About

An independent, weekly journal dedicated to practical philosophy, structural duty, and the heavy friction of real adulthood.

An Unvarnished Inventory of an Unskilled Life

There is no shortage of expert advice in the world. We are drowning in optimized routines, clinical frameworks, and flawless blueprints for perfect living.

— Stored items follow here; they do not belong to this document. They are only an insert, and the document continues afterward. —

locale polyak_ogd =
  fixes g :: "'a::euclidean_space \<Rightarrow> real"
    and f :: "nat \<Rightarrow> 'a \<Rightarrow> real"
    and df :: "nat \<Rightarrow> 'a \<Rightarrow> 'a"
    and x s :: "nat \<Rightarrow> 'a"
    and T :: nat
    and R G_f G_g \<sigma> \<epsilon> \<rho> \<eta> :: real
  assumes g_convex: "convex_on UNIV g"
    and feasible_in_ball: "{u. g u \<le> 0} \<subseteq> cball 0 R"
    and f_convex: "\<And>t. convex_on UNIV (f t)"
    and f_grad: "\<And>t u. (f t has_derivative (\<lambda>h. inner (df t u) h)) (at u)"
    and grad_bound: "\<And>t u. t \<in> {1..T} \<Longrightarrow> u \<in> cball 0 R \<Longrightarrow> norm (df t u) \<le> G_f"
    and G_g_pos: "G_g > 0"
    and subgrad_bound: "\<And>u v. u \<in> cball 0 R \<Longrightarrow> v \<in> subdiff g u \<Longrightarrow> norm v \<le> G_g"
    and \<sigma>_pos: "\<sigma> > 0"
    and level_nonempty: "{u. g u = - \<epsilon>} \<noteq> {}"
    and level_subgrad_bound: "\<And>u v. g u = - \<epsilon> \<Longrightarrow> v \<in> subdiff g u \<Longrightarrow> \<sigma> \<le> norm v"
    and \<rho>_pos: "\<rho> > 0" and \<rho>_le: "\<rho> \<le> \<epsilon>"
    and init: "g (x 1) \<le> - \<rho>"
    and \<eta>_pos: "\<eta> > 0"
    and step_size: "\<eta> * G_f \<le> (1 - sqrt (1 - \<sigma>^2 / G_g^2)) * \<rho> / G_g"
    and subgr: "\<And>t. t \<in> {1..T} \<Longrightarrow> s t \<in> subdiff g (x t)"
    and step: "\<And>t. t \<in> {1..T} \<Longrightarrow> x (t + 1) = polyak_step R g \<eta> \<rho> (df t (x t)) (s t) (x t)"
begin

definition tightened :: "'a set" where
  "tightened = {u. g u \<le> - \<rho>}"
lemma has_deriv_normal_center_y:
  assumes t: "t \<in> {t0..t1}"
  shows "(normal_center_y \<sigma> has_real_derivative
      Y' t * (1 + \<sigma> * (X'' t * Y' t - X' t * Y'' t) / (\<kappa> * sqrt (X' t ^ 2 + Y' t ^ 2) ^ 3)))
      (at t within {t0..t1})"
proof -
  define n where "n = sqrt (X' t ^ 2 + Y' t ^ 2)"
  have n: "0 < n" "n\<^sup>2 = X' t ^ 2 + Y' t ^ 2"
    using speed_pos[OF t] by (auto simp: n_def)
  have "(normal_center_y \<sigma> has_real_derivative
      Y' t + (\<sigma> * X'' t * (\<kappa> * n) - \<sigma> * X' t * (\<kappa> * ((X' t * X'' t + Y' t * Y'' t) / n)))
        / (\<kappa> * n * (\<kappa> * n))) (at t within {t0..t1})"
    unfolding normal_center_y_def[abs_def] n_def using speed_pos[OF t] curvature_pos
    by (intro DERIV_add DERIV_divide DERIV_cmult DERIV_sqrt_sum_squares deriv_X' deriv_Y' deriv_Y t) auto
  moreover have "X'' t * n\<^sup>2 - X' t * (X' t * X'' t + Y' t * Y'' t) = Y' t * (X'' t * Y' t - X' t * Y'' t)"
    using n(2) by (simp add: algebra_simps power2_eq_square)
  moreover have "(\<sigma> * X'' t * (\<kappa> * n) - \<sigma> * X' t * (\<kappa> * ((X' t * X'' t + Y' t * Y'' t) / n)))
        / (\<kappa> * n * (\<kappa> * n))
      = \<sigma> * (X'' t * n\<^sup>2 - X' t * (X' t * X'' t + Y' t * Y'' t)) / (\<kappa> * n ^ 3)"
    using n(1) curvature_pos by (simp add: field_simps power2_eq_square power3_eq_cube)
  ultimately show ?thesis
    unfolding n_def[symmetric] by (simp add: algebra_simps)
qed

This is not that kind of place.

Bad Psychology is an independent, weekly journal dedicated to practical philosophy, structural duty, and the heavy friction of real adulthood. It is written under the premise that we do not need more soft, toxic positivity—we need a more disciplined way to carry a heavy load skillfully.

The Core Premise

Most self-help focuses on the mirror. It’s obsessed with vanity, youth, and maximizing personal comfort. But life eventually hits everyone with transitions that a gym routine or a corporate milestone cannot fix:

  • The Weight of Middle Age: Navigating the quiet, lonely transition of identity subtraction, changing relationships, and moving away from childhood social circles.
  • Intergenerational Duty: Breaking a broken family lineage through raw, daily grit rather than keeping one eye on the escape hatch when friction peaks.
  • Functional Longevity: Treating physical discipline not as an ornament, but as a moral obligation to remain useful to your family and community.

Behind the Pen

Abel Graff is a writer and realist looking at life through a rugged, minimalist lens. This publication is a raw "Curriculum of the Self"—a repository of chiseled stories, hard-won observations, and unvarnished truths meant for people who value utility and character over showy intellectualism.